_Brief_
A full, exact copy of the records below is the required answer.

_Dataset excerpts_
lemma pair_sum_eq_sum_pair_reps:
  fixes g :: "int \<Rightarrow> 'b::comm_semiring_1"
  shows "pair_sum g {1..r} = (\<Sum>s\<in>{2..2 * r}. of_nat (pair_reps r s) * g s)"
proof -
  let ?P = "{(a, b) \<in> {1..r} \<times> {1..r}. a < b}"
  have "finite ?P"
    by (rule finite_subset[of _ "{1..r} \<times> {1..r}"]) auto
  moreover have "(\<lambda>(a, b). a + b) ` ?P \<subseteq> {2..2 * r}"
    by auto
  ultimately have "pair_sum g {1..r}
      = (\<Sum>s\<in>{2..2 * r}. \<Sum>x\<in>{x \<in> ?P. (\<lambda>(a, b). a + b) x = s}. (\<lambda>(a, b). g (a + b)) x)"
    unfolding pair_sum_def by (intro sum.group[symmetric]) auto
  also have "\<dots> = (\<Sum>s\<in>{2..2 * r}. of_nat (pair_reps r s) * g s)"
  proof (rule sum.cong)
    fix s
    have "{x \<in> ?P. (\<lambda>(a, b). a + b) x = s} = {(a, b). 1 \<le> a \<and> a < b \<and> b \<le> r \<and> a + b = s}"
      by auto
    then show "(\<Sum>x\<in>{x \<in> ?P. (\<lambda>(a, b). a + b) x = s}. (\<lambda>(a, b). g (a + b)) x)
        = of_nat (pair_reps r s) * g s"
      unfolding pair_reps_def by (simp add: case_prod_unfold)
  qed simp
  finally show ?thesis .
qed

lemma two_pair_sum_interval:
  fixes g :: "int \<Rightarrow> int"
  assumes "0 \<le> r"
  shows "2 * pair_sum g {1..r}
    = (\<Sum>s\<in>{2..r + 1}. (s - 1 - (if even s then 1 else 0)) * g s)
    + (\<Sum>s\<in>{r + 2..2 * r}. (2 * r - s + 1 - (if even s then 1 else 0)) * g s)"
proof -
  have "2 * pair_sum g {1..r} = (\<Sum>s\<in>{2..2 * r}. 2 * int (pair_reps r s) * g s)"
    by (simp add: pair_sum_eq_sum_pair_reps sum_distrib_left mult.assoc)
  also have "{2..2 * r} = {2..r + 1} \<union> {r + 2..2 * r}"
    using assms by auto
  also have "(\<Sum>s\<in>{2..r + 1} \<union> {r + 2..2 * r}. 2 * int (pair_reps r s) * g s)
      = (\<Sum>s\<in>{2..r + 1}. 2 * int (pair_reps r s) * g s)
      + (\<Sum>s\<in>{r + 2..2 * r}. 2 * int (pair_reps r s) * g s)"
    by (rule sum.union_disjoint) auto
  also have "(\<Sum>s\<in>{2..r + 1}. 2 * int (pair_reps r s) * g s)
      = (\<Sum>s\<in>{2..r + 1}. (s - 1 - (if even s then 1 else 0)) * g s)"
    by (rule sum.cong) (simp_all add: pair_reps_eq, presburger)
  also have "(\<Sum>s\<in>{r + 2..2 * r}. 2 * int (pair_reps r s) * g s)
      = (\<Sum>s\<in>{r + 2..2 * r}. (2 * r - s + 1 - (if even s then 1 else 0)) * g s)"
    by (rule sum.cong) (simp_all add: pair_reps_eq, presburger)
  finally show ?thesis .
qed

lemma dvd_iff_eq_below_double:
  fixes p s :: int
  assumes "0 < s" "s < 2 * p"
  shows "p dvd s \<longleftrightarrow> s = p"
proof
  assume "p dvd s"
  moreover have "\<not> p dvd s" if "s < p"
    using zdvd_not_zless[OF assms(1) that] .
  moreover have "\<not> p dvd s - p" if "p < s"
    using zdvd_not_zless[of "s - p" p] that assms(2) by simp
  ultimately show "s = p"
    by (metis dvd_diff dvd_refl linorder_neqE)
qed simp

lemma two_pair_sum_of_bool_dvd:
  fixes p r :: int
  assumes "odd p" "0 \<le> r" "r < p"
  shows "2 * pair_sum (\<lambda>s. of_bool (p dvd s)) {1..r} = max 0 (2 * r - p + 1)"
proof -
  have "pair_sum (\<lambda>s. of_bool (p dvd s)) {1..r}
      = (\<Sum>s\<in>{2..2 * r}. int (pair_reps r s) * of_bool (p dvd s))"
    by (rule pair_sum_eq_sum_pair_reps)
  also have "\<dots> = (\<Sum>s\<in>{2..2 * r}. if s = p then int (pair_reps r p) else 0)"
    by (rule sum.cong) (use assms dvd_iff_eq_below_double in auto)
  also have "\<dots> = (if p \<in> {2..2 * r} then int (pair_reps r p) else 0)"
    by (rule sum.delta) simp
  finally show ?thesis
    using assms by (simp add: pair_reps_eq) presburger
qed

_Solution to this exercise_
lemma pair_sum_eq_sum_pair_reps:
  fixes g :: "int \<Rightarrow> 'b::comm_semiring_1"
  shows "pair_sum g {1..r} = (\<Sum>s\<in>{2..2 * r}. of_nat (pair_reps r s) * g s)"
proof -
  let ?P = "{(a, b) \<in> {1..r} \<times> {1..r}. a < b}"
  have "finite ?P"
    by (rule finite_subset[of _ "{1..r} \<times> {1..r}"]) auto
  moreover have "(\<lambda>(a, b). a + b) ` ?P \<subseteq> {2..2 * r}"
    by auto
  ultimately have "pair_sum g {1..r}
      = (\<Sum>s\<in>{2..2 * r}. \<Sum>x\<in>{x \<in> ?P. (\<lambda>(a, b). a + b) x = s}. (\<lambda>(a, b). g (a + b)) x)"
    unfolding pair_sum_def by (intro sum.group[symmetric]) auto
  also have "\<dots> = (\<Sum>s\<in>{2..2 * r}. of_nat (pair_reps r s) * g s)"
  proof (rule sum.cong)
    fix s
    have "{x \<in> ?P. (\<lambda>(a, b). a + b) x = s} = {(a, b). 1 \<le> a \<and> a < b \<and> b \<le> r \<and> a + b = s}"
      by auto
    then show "(\<Sum>x\<in>{x \<in> ?P. (\<lambda>(a, b). a + b) x = s}. (\<lambda>(a, b). g (a + b)) x)
        = of_nat (pair_reps r s) * g s"
      unfolding pair_reps_def by (simp add: case_prod_unfold)
  qed simp
  finally show ?thesis .
qed

lemma two_pair_sum_interval:
  fixes g :: "int \<Rightarrow> int"
  assumes "0 \<le> r"
  shows "2 * pair_sum g {1..r}
    = (\<Sum>s\<in>{2..r + 1}. (s - 1 - (if even s then 1 else 0)) * g s)
    + (\<Sum>s\<in>{r + 2..2 * r}. (2 * r - s + 1 - (if even s then 1 else 0)) * g s)"
proof -
  have "2 * pair_sum g {1..r} = (\<Sum>s\<in>{2..2 * r}. 2 * int (pair_reps r s) * g s)"
    by (simp add: pair_sum_eq_sum_pair_reps sum_distrib_left mult.assoc)
  also have "{2..2 * r} = {2..r + 1} \<union> {r + 2..2 * r}"
    using assms by auto
  also have "(\<Sum>s\<in>{2..r + 1} \<union> {r + 2..2 * r}. 2 * int (pair_reps r s) * g s)
      = (\<Sum>s\<in>{2..r + 1}. 2 * int (pair_reps r s) * g s)
      + (\<Sum>s\<in>{r + 2..2 * r}. 2 * int (pair_reps r s) * g s)"
    by (rule sum.union_disjoint) auto
  also have "(\<Sum>s\<in>{2..r + 1}. 2 * int (pair_reps r s) * g s)
      = (\<Sum>s\<in>{2..r + 1}. (s - 1 - (if even s then 1 else 0)) * g s)"
    by (rule sum.cong) (simp_all add: pair_reps_eq, presburger)
  also have "(\<Sum>s\<in>{r + 2..2 * r}. 2 * int (pair_reps r s) * g s)
      = (\<Sum>s\<in>{r + 2..2 * r}. (2 * r - s + 1 - (if even s then 1 else 0)) * g s)"
    by (rule sum.cong) (simp_all add: pair_reps_eq, presburger)
  finally show ?thesis .
qed

lemma dvd_iff_eq_below_double:
  fixes p s :: int
  assumes "0 < s" "s < 2 * p"
  shows "p dvd s \<longleftrightarrow> s = p"
proof
  assume "p dvd s"
  moreover have "\<not> p dvd s" if "s < p"
    using zdvd_not_zless[OF assms(1) that] .
  moreover have "\<not> p dvd s - p" if "p < s"
    using zdvd_not_zless[of "s - p" p] that assms(2) by simp
  ultimately show "s = p"
    by (metis dvd_diff dvd_refl linorder_neqE)
qed simp

lemma two_pair_sum_of_bool_dvd:
  fixes p r :: int
  assumes "odd p" "0 \<le> r" "r < p"
  shows "2 * pair_sum (\<lambda>s. of_bool (p dvd s)) {1..r} = max 0 (2 * r - p + 1)"
proof -
  have "pair_sum (\<lambda>s. of_bool (p dvd s)) {1..r}
      = (\<Sum>s\<in>{2..2 * r}. int (pair_reps r s) * of_bool (p dvd s))"
    by (rule pair_sum_eq_sum_pair_reps)
  also have "\<dots> = (\<Sum>s\<in>{2..2 * r}. if s = p then int (pair_reps r p) else 0)"
    by (rule sum.cong) (use assms dvd_iff_eq_below_double in auto)
  also have "\<dots> = (if p \<in> {2..2 * r} then int (pair_reps r p) else 0)"
    by (rule sum.delta) simp
  finally show ?thesis
    using assms by (simp add: pair_reps_eq) presburger
qed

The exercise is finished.